Involve clinicians in the process

Involving clinicians in your development is a great way to both evaluate the different potential biases to understand how significant they can be for your application. They are also a great resource to check whether a model prediction makes sense to them. Is there a medical reason to believe there's signal in the data? If the model can demonstrate what influences the prediction, does it pass a "medical sense" check or is it simply a correlation? Can you rule it out if in doubt?

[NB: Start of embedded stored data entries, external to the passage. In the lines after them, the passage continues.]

lemma graph_finite_edges:
  assumes "graph N L"
  shows "finite L"
proof (rule finite_subset)
  show "L \<subseteq> Pow N" using graph_edge_subset[OF assms] by blast
  show "finite (Pow N)" using assms by (simp add: graph_def)
qed

lemma odd_card_edge_inter_inner:
  assumes "graph N L" "a \<noteq> b" "{a, b} \<notin> L" "e \<in> L"
  shows "odd (card (e \<inter> (N - {a, b}))) \<longleftrightarrow> (a \<in> e) \<noteq> (b \<in> e)"
proof -
  obtain u w where e: "e = {u, w}" "u \<noteq> w" "u \<in> N" "w \<in> N"
    using assms(1,4) by (auto simp: graph_def)
  moreover have "e \<noteq> {a, b}" using assms(3,4) by auto
  moreover have "e \<inter> (N - {a, b}) = e - {a, b}" using e by auto
  ultimately show ?thesis using assms(2)
    by (cases "u = a"; cases "u = b"; cases "w = a"; cases "w = b") (simp_all add: insert_commute)
qed

lemma key_B_eq_key_A:
  assumes g: "graph N L" and "a \<noteq> b" "{a, b} \<notin> L"
  shows "key_B N L a b k = key_A L a k"
proof
  fix i
  define I where "I = N - {a, b}"
  define E where "E = {e\<in>L. k e i}"
  have fin: "finite I" "finite E"
    using g graph_finite_edges[OF g] by (auto simp: graph_def I_def E_def)
  have incident: "{e\<in>incident L v. k e i} = {e\<in>E. v \<in> e}" for v
    by (auto simp: incident_def E_def)
  have degree: "xors (incident L v) k i \<longleftrightarrow> odd (card {e\<in>E. v \<in> e})" for v
    by (simp only: xors_def incident)
  have "xors I (parity L k) i \<longleftrightarrow> odd (card {v\<in>I. odd (card {e\<in>E. v \<in> e})})"
    by (simp only: xors_def parity_def incident)
  also have "\<dots> \<longleftrightarrow> odd (card {e\<in>E. odd (card (e \<inter> I))})"
    by (rule odd_card_odd_degree_iff[OF fin])
  also have "{e\<in>E. odd (card (e \<inter> I))} = {e\<in>E. (a \<in> e) \<noteq> (b \<in> e)}"
    using odd_card_edge_inter_inner[OF assms] by (auto simp: I_def E_def)
  also have "odd (card \<dots>) \<longleftrightarrow> (odd (card {e\<in>E. a \<in> e}) \<noteq> odd (card {e\<in>E. b \<in> e}))"
    by (rule odd_card_filter_neq[OF fin(2)])
  finally show "key_B N L a b k i = key_A L a k i"
    unfolding key_B_def key_A_def xor2_def I_def[symmetric] degree by blast
qed

lemma key_A_uniform_independent_if_flippable:
  assumes g: "graph N L" and P: "P \<subseteq> L" "P \<inter> attacked_edges L A = {}"
    and inner: "\<And>v. v \<in> N - {a, b} \<Longrightarrow> even (card {e\<in>P. v \<in> e})"
    and start: "odd (card {e\<in>P. a \<in> e})"
  shows "map_pmf (\<lambda>k. (key_A L a k, eve_view N L a b A k)) (pmf_of_set (key_space n L)) =
    pair_pmf (pmf_of_set (bitstrings n)) (map_pmf (eve_view N L a b A) (pmf_of_set (key_space n L)))"
proof (rule uniform_independent_if_translation_invariant[where s = "xor_on P"])
  have fin: "finite L" "finite (incident L v)" for v
    using graph_finite_edges[OF g] by (auto simp: incident_def)
  have incident_P: "incident L v \<inter> P = {e\<in>P. v \<in> e}" for v
    using P(1) by (auto simp: incident_def)
  show "finite (key_space n L)" "key_space n L \<noteq> {}"
    using fin finite_bitstrings bitstrings_nonempty
    by (auto simp: key_space_def finite_PiE PiE_eq_empty_iff)
  show "key_A L a k \<in> bitstrings n" if "k \<in> key_space n L" for k
    using that unfolding key_A_def
    by (intro xors_in_bitstrings) (auto simp: key_space_def incident_def)
  fix x assume x: "x \<in> bitstrings n"
  have into: "xor_on P x k \<in> key_space n L" if "k \<in> key_space n L" for k
    using that x P(1) unfolding key_space_def PiE_iff
    by (auto simp: xor_on_def xor2_in_bitstrings extensional_def)
  show "bij_betw (xor_on P x) (key_space n L) (key_space n L)"
    by (rule bij_betw_byWitness[where f'="xor_on P x"])
      (auto simp: into, auto simp: xor_on_def fun_eq_iff)
  fix k
  show "key_A L a (xor_on P x k) = xor2 (key_A L a k) x"
    using start by (auto simp: key_A_def xor2_def xors_xor_on[OF fin(2)] incident_P)
  have "parity L (xor_on P x k) v = parity L k v" if "v \<in> N - {a, b}" for v
    using inner[OF that] by (auto simp: parity_def xors_xor_on[OF fin(2)] incident_P)
  moreover have "restrict (xor_on P x k) (attacked_edges L A) = restrict k (attacked_edges L A)"
    using P(2) by (intro restrict_ext) (auto simp: xor_on_def)
  ultimately show "eve_view N L a b A (xor_on P x k) = eve_view N L a b A k"
    unfolding eve_view_def by (metis (no_types, lifting) restrict_ext)
qed

definition path_edges :: "'v list \<Rightarrow> 'v set set" where
  "path_edges p = (\<lambda>j. {p ! j, p ! Suc j}) ` {j. Suc j < length p}"

lemma path_edges_subset: "simple_path L a b p \<Longrightarrow> path_edges p \<subseteq> L"
  by (auto simp: path_edges_def simple_path_def)

lemma path_edges_disjoint_attacked: "set p \<inter> A = {} \<Longrightarrow> path_edges p \<inter> attacked_edges L A = {}"
  by (auto simp: path_edges_def attacked_edges_def) (meson Suc_lessD disjoint_iff nth_mem)+

lemma path_edges_containing_nth:
  assumes "distinct p" "m < length p"
  shows "{e\<in>path_edges p. p ! m \<in> e} =
    (\<lambda>j. {p ! j, p ! Suc j}) ` {j. Suc j < length p \<and> (j = m \<or> Suc j = m)}"
  using assms nth_eq_iff_index_eq[OF assms(1)]
  by (auto simp: path_edges_def)

lemma card_path_edges_start:
  assumes sp: "simple_path L a b p" and "a \<noteq> b"
  shows "card {e\<in>path_edges p. a \<in> e} = 1"
proof -
  have "p \<noteq> []" "distinct p" "hd p = a" "last p = b"
    using sp by (auto simp: simple_path_def)
  moreover from this have "Suc 0 < length p"
    using assms(2) by (cases p) (auto split: if_splits)
  moreover from this have "{j. Suc j < length p \<and> (j = 0 \<or> Suc j = 0)} = {0}" by auto
  ultimately show ?thesis
    using path_edges_containing_nth[of p 0] by (simp add: hd_conv_nth)
qed

lemma card_path_edges_inner:
  assumes sp: "simple_path L a b p" and v: "v \<in> set p" "v \<noteq> a" "v \<noteq> b"
  shows "card {e\<in>path_edges p. v \<in> e} = 2"
proof -
  have d: "distinct p" and ne: "p \<noteq> []" using sp by (auto simp: simple_path_def)
  obtain m where m: "m < length p" "p ! m = v" using v(1) by (auto simp: in_set_conv_nth)
  have "m \<noteq> 0"
  proof
    assume "m = 0"
    with m v sp ne show False by (auto simp: simple_path_def hd_conv_nth)
  qed
  moreover have "m \<noteq> length p - 1"
  proof
    assume "m = length p - 1"
    with m v sp ne show False by (auto simp: simple_path_def last_conv_nth)
  qed
  ultimately obtain m' where m': "m = Suc m'" "Suc m < length p"
    using m(1) by (cases m) auto
  have "{j. Suc j < length p \<and> (j = m \<or> Suc j = m)} = {m', m}" using m' by auto
  then have "{e\<in>path_edges p. v \<in> e} = {{p ! m', p ! m}, {p ! m, p ! Suc m}}"
    using path_edges_containing_nth[OF d m(1)] m(2) m'(1) by simp
  moreover have "p ! m' \<noteq> p ! m" "p ! m' \<noteq> p ! Suc m"
    using d m' by (simp_all add: nth_eq_iff_index_eq)
  ultimately show ?thesis by (simp add: doubleton_eq_iff)
qed

lemma key_A_uniform_independent_if_not_strongest:
  assumes g: "graph N L" and "a \<noteq> b" and "\<not> strongest_attack L a b A"
  shows "map_pmf (\<lambda>k. (key_A L a k, eve_view N L a b A k)) (pmf_of_set (key_space n L)) =
    pair_pmf (pmf_of_set (bitstrings n)) (map_pmf (eve_view N L a b A) (pmf_of_set (key_space n L)))"
proof -
  from assms(3) obtain p where sp: "simple_path L a b p" and avoid: "set p \<inter> A = {}"
    by (auto simp: strongest_attack_def scheme_def sec_def)
  have "even (card {e\<in>path_edges p. v \<in> e})" if "v \<in> N - {a, b}" for v
  proof (cases "v \<in> set p")
    case True
    with that show ?thesis using card_path_edges_inner[OF sp] by simp
  next
    case False
    then have empty: "{e\<in>path_edges p. v \<in> e} = {}" by (auto simp: path_edges_def)
    show ?thesis unfolding empty by simp
  qed
  then show ?thesis
    using card_path_edges_start[OF sp assms(2)]
    by (intro key_A_uniform_independent_if_flippable[OF g path_edges_subset[OF sp]
          path_edges_disjoint_attacked[OF avoid]]) simp_all
qed

definition avoiding_edge :: "'v set set \<Rightarrow> 'v set \<Rightarrow> ('v \<times> 'v) set" where
  "avoiding_edge L A = {(u, w). {u, w} \<in> L \<and> u \<notin> A \<and> w \<notin> A}"

lemma simple_path_snoc:
  assumes "simple_path L a y p" "{y, z} \<in> L" "z \<notin> set p"
  shows "simple_path L a z (p @ [z])"
  unfolding simple_path_def
proof (intro conjI allI impI)
  have ne: "p \<noteq> []" and last: "p ! (length p - 1) = y"
    using assms(1) by (auto simp: simple_path_def last_conv_nth)
  show "p @ [z] \<noteq> []" "last (p @ [z]) = z" by simp_all
  show "hd (p @ [z]) = a" "distinct (p @ [z])"
    using assms ne by (auto simp: simple_path_def)
  fix i assume i: "Suc i < length (p @ [z])"
  show "{(p @ [z]) ! i, (p @ [z]) ! Suc i} \<in> L"
  proof (cases "Suc i < length p")
    case True
    with assms(1) show ?thesis by (simp add: simple_path_def nth_append)
  next
    case False
    with i have "i = length p - 1" "Suc i = length p" by auto
    with assms(2) ne last show ?thesis by (simp add: nth_append)
  qed
qed

lemma simple_path_take:
  assumes "simple_path L a y p" "j < length p"
  shows "simple_path L a (p ! j) (take (Suc j) p)"
  using assms by (auto simp: simple_path_def last_conv_nth)

lemma simple_path_if_avoiding_reachable:
  assumes "(a, v) \<in> (avoiding_edge L A)\<^sup>*" "a \<notin> A"
  shows "\<exists>p. simple_path L a v p \<and> set p \<inter> A = {}"
  using assms(1)
proof (induction rule: rtrancl_induct)
  case base
  show ?case using assms(2) by (intro exI[of _ "[a]"]) (auto simp: simple_path_def)
next
  case (step y z)
  then obtain p where p: "simple_path L a y p" "set p \<inter> A = {}" by blast
  have yz: "{y, z} \<in> L" "z \<notin> A" using step.hyps(2) by (auto simp: avoiding_edge_def)
  show ?case
  proof (cases "z \<in> set p")
    case True
    then obtain j where j: "j < length p" "p ! j = z" by (auto simp: in_set_conv_nth)
    have "simple_path L a z (take (Suc j) p)"
      using simple_path_take[OF p(1) j(1)] j(2) by simp
    moreover have "set (take (Suc j) p) \<inter> A = {}"
      using p(2) set_take_subset[of "Suc j" p] by blast
    ultimately show ?thesis by blast
  next
    case False
    with p yz show ?thesis
      by (intro exI[of _ "p @ [z]"]) (auto simp: simple_path_snoc)
  qed
qed

lemma even_card_inter_avoiding_component:
  assumes g: "graph N L" and e: "e \<in> L" "e \<inter> A = {}"
  shows "even (card (e \<inter> (avoiding_edge L A)\<^sup>* `` {a}))"
proof -
  obtain u w where uw: "e = {u, w}" "u \<noteq> w" using g e by (auto simp: graph_def)
  have "(u, w) \<in> avoiding_edge L A" "(w, u) \<in> avoiding_edge L A"
    using e uw by (auto simp: avoiding_edge_def insert_commute)
  then have "e \<inter> (avoiding_edge L A)\<^sup>* `` {a} = {} \<or> e \<inter> (avoiding_edge L A)\<^sup>* `` {a} = e"
    using uw by (auto intro: rtrancl_into_rtrancl)
  then show ?thesis using uw by auto
qed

Prepare for ongoing improvements and monitor for drift

Even if you evaluate all potential sources of bias, plan ahead for the unexpected. Build in the mechanisms that will allow you to monitor for differences in data characteristics in production and enable you to identify drift both initially and over time.

Expect additional adoption challenges

There is no doubt AI has the ability to transform many aspects of Healthcare and Healthcare Delivery. Introducing it in practice is not easy though. Beyond the data and bias challenges discussed above there will be other challenges for successful adoption. Expect to face challenges with trust (explainability helps, but is not a panacea), workflow integration and adaptation and business model difficulties to name a few common challenges.

If you found a significant Healthcare problem or need you can address with AI, pursue it with grit and perseverance while trying to reduce your risks by being mindful of the pitfalls to improve your ability to make a big impact.